Strictly ’s meanest judge, Craig Revel Horwood, sashays into Milton Keynes Theatre next month with a perfect score of terrific reviews for his performance as the gin-sozzled, tyrannical Miss Hannigan in the smash-hit revival of the endearing Annie The Musical.
Set in 1930s New York, during The Great Depression, plucky little Annie is living a life of drudgery at Miss Hannigan’s orphanage. But, while her luck is about to change Miss Hannigan hatches a plan to scupper Annie’s happiness by foiling the search for the little red-headed moppet’s true family…
Here, Craig Revel Horwood talks to Stage Review about his return as Miss Hannigan to a much loved show. “I just love this character so much,” he said. “I am deeply in love with her. I think she is absolutely fantastic and an extremely misunderstood woman.
“It’s such a wonderful opportunity to take her from the West End out on tour, and to play her in theatres I have never performed Annie in before. Playing her is like an actors’ playground, she is a tyrant and a villain, and those are always the most fun characters to play.
“I couldn’t believe that they wanted me to play Miss Hannigan at first, but I thought it would be great and a real challenge for me. I play her for real – she’s not a pantomime dame – there’s no mucking about or breaking the fourth wall, she’s a very real character in a beautifully written show”.

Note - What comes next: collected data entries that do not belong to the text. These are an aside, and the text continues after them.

text \<open>Raising coordinate j0 of a generator below z back to z $ j0 stays in the region and
  under z, so by slice minimality it recovers z.\<close>
lemma generator_from_slice_minimal:
  assumes z: "z \<in> record_region rho r"
    and zmin: "\<forall>y \<in> record_region rho r. y \<le> z \<longrightarrow> y $ j0 = z $ j0 \<longrightarrow> y = z"
  shows "\<exists>g \<in> generators (record_region rho r). \<forall>l. l \<noteq> j0 \<longrightarrow> g $ l = z $ l"
proof -
  obtain g where g: "g \<in> generators (record_region rho r)" "g \<le> z"
    using exists_generator_below[OF z] by blast
  define g' where "g' = (\<chi> l. if l = j0 then z $ j0 else g $ l)"
  have g'_j0: "g' $ j0 = z $ j0" and g'_off: "\<And>l. l \<noteq> j0 \<Longrightarrow> g' $ l = g $ l"
    by (simp_all add: g'_def)
  have "g \<le> g'" "g' \<le> z" using g(2) by (auto simp: g'_def less_eq_vec_def)
  moreover have "\<forall>l. g' $ l < 1"
    using z g(1) by (simp add: g'_def mem_generators mem_record_region)
  moreover have "g \<in> record_region rho r" using g(1) by (simp add: mem_generators)
  ultimately have "g' \<in> record_region rho r" using record_region_upward by blast
  with zmin \<open>g' \<le> z\<close> g'_j0 have "g' = z" by blast
  then show ?thesis using g(1) g'_off by metis
qed

lemma admissible_coord_bounds:
  "admissible rho r \<Longrightarrow> i < rho \<Longrightarrow> 0 < r i $ l \<and> r i $ l < 1"
  by (simp add: admissible_def)

lemma admissible_coord_inj:
  "admissible rho r \<Longrightarrow> i < rho \<Longrightarrow> i' < rho \<Longrightarrow> r i $ l = r i' $ l' \<Longrightarrow> i = i' \<and> l = l'"
  unfolding admissible_def by blast

definition anchored_generator :: "nat \<Rightarrow> (nat \<Rightarrow> real^'n) \<Rightarrow> 'n \<Rightarrow> nat \<Rightarrow> 'n \<Rightarrow> real^'n \<Rightarrow> bool" where
  "anchored_generator rho r j0 m j g \<longleftrightarrow>
     g \<in> generators (record_region rho r) \<and> g $ j = r m $ j \<and>
     (\<forall>k. k \<noteq> j \<longrightarrow> k \<noteq> j0 \<longrightarrow> g $ k < r m $ k) \<and>
     (\<forall>k. k \<noteq> j0 \<longrightarrow> 0 < g $ k \<longrightarrow> (\<exists>i<rho. g $ k = r i $ k \<and> r m $ j0 \<le> r i $ j0))"
lemma dominated_linear_graph_adjoin:
  assumes M: "dominated_linear_graph p M" and x0: "\<forall>a. (x0, a) \<notin> M"
    and c: "\<And>y b t. (y, b) \<in> M \<Longrightarrow> b + t * c \<le> p (y + t *\<^sub>R x0)"
  shows "dominated_linear_graph p {(y + t *\<^sub>R x0, b + t * c) | y b t. (y, b) \<in> M}"
proof -
  define M' where "M' = {(y + t *\<^sub>R x0, b + t * c) | y b t. (y, b) \<in> M}"
  have coord_unique: "t = t'"
    if "y + t *\<^sub>R x0 = y' + t' *\<^sub>R x0" "(y, b) \<in> M" "(y', b') \<in> M" for y y' b b' t t'
  proof (rule ccontr)
    assume "t \<noteq> t'"
    have "(y' + (-1) *\<^sub>R y, b' + (-1) * b) \<in> M"
      using that(2,3) dominated_linear_graph_add[OF M] dominated_linear_graph_scaleR[OF M] by blast
    then have "((1/(t - t')) *\<^sub>R (y' + (-1) *\<^sub>R y), (1/(t - t')) * (b' + (-1) * b)) \<in> M"
      by (rule dominated_linear_graph_scaleR[OF M])
    moreover have "y' + (-1) *\<^sub>R y = (t - t') *\<^sub>R x0"
      using that(1) by (simp add: algebra_simps)
    ultimately show False using x0 \<open>t \<noteq> t'\<close> by auto
  qed
  show ?thesis unfolding M'_def[symmetric] dominated_linear_graph_def
  proof (intro conjI allI impI)
    fix x a b assume "(x, a) \<in> M'" "(x, b) \<in> M'"
    then obtain y1 b1 t1 y2 b2 t2 where e: "x = y1 + t1 *\<^sub>R x0" "a = b1 + t1 * c" "(y1, b1) \<in> M"
      "x = y2 + t2 *\<^sub>R x0" "b = b2 + t2 * c" "(y2, b2) \<in> M" unfolding M'_def by blast
    then have "t1 = t2" using coord_unique by metis
    then show "a = b" using e dominated_linear_graph_unique[OF M] by auto
  next
    fix x a y b assume "(x, a) \<in> M'" "(y, b) \<in> M'"
    then obtain y1 b1 t1 y2 b2 t2 where e: "x = y1 + t1 *\<^sub>R x0" "a = b1 + t1 * c" "(y1, b1) \<in> M"
      "y = y2 + t2 *\<^sub>R x0" "b = b2 + t2 * c" "(y2, b2) \<in> M" unfolding M'_def by blast
    have "(y1 + y2, b1 + b2) \<in> M" using dominated_linear_graph_add[OF M] e by blast
    moreover have "x + y = (y1 + y2) + (t1 + t2) *\<^sub>R x0" "a + b = (b1 + b2) + (t1 + t2) * c"
      using e by (simp_all add: algebra_simps)
    ultimately show "(x + y, a + b) \<in> M'" unfolding M'_def by blast
  next
    fix x a d assume "(x, a) \<in> M'"
    then obtain y1 b1 t1 where e: "x = y1 + t1 *\<^sub>R x0" "a = b1 + t1 * c" "(y1, b1) \<in> M"
      unfolding M'_def by blast
    have "(d *\<^sub>R y1, d * b1) \<in> M" using dominated_linear_graph_scaleR[OF M] e by blast
    moreover have "d *\<^sub>R x = d *\<^sub>R y1 + (d * t1) *\<^sub>R x0" "d * a = d * b1 + (d * t1) * c"
      using e by (simp_all add: algebra_simps)
    ultimately show "(d *\<^sub>R x, d * a) \<in> M'" unfolding M'_def by blast
  next
    fix x a assume "(x, a) \<in> M'"
    then show "a \<le> p x" unfolding M'_def using c by blast
  next
    have "(0 + 0 *\<^sub>R x0, 0 + 0 * c) \<in> M'"
      unfolding M'_def using dominated_linear_graph_zero[OF M] by blast
    then show "(0, 0) \<in> M'" by simp
  qed
qed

Do you find playing a woman fun, or does it come with any particular challenges? “Well the challenges are that you need to be honest and real with it. Obviously body language has a lot to do with that, also the placement of the voice, and the accent of course – which I spent six months perfecting.
“As Annie is set in 1930s New York, it’s really nice to play a part who speaks differently than almost anyone does these days. It was a really enjoyable challenge”.
Revel Horwood is no stranger to musicals. “I grew up on musicals. I did West Side Story in Australia and then went into Me and My Girl and La Cage Aux Folles. I joined the famous Lido de Paris and the Moulin Rouge and then that led into being part of West End shows.
“The last musical I appeared in, in the West End, was Crazy For You which opened in 1993. I had a really fun year that year. I then left to become a director and choreographer, and subsequently a judge on Strictly.
“My first hoorah back onto the boards was when I was asked to do panto ten years ago, and that reignited my passion for performing again really.
“When I was then asked to do Annie a few years ago I couldn’t believe it, but it’s such a talented cast, I couldn’t say no!”
It’s long been said never work with children or animals, but in Annie you do both! Are there any challenges that come with this or do they bring something extra to the show?
“We have three sets of children on Annie, so they bring something really organic to the show.
“You’ll never get the same show twice. You have to play it differently with each set of children and they are so talented and doing incredible work on the stage and are all fantastic young actors.
“They will come up with stuff and you’ve got to react to it live on stage which is a bit of a challenge!”
What was your first experience of musical theatre?
“The first show that I ever went to see was Jesus Christ Superstar in Sydney back in the 1970s. I just fell in love with theatre right there and then.
“I started training when I was 14, and when I saw Cats in London around the same time, I knew that was absolutely what I wanted to do, to train for and study for”.
Do you have a role you’d love to play in the future?
“I like to create roles. I did a movie, Nativity Rocks, last year and that was great fun because I hadn’t done a movie before and it was an improvised script so you really had to create the character from scratch.
“As far as the classics go, I wouldn’t mind playing a boy at some stage. I tend to get lots of female roles which is great because I love playing women but it would be nice to play a bloke so I will aim high and say I’m aiming for the next Bond!”
Annie the Musical runs at Milton Keynes Theatre from July 1-6.
Ahead of Milton Keynes the production is appearing at NEW VICTORIA THEATRE, WOKING (June 10-15); ORCHARD THEATRE, DARTFORD (June 17-22) and LIVERPOOL EMPIRE (June 24-29).
Following Milton Keynes the UK tour continues to: BORD GÁIS ENERGY THEATRE, DUBLIN (July 9-12); BIRMINGHAM HIPPODROME (July 23-Aug 11); CONGRESS THEATRE, EASTBOURNE (Aug 13-17); WALES MILLENNIUM CENTRE, CARDIFF (Aug 19-31); HIS MAJESTY’S THEATRE, ABERDEEN (Sept 24-28); EDINBURGH PLAYHOUSE (Sept 30-Oct 5); SUNDERLAND EMPIRE (Oct 7-12); MARLOWE THEATRE, CANTERBURY (Oct 14-19); THE HAWTH, CRAWLEY (Oct 22-26); GRAND OPERA HOUSE, BELFAST (Oct 29-Nov 2); REGENT THEATRE, IPSWICH (Nov 4-9); NEW WIMBLEDON THEATRE (Nov 11-16); and REGENT THEATRE, STOKE-ON-TRENT (Nov 18-23).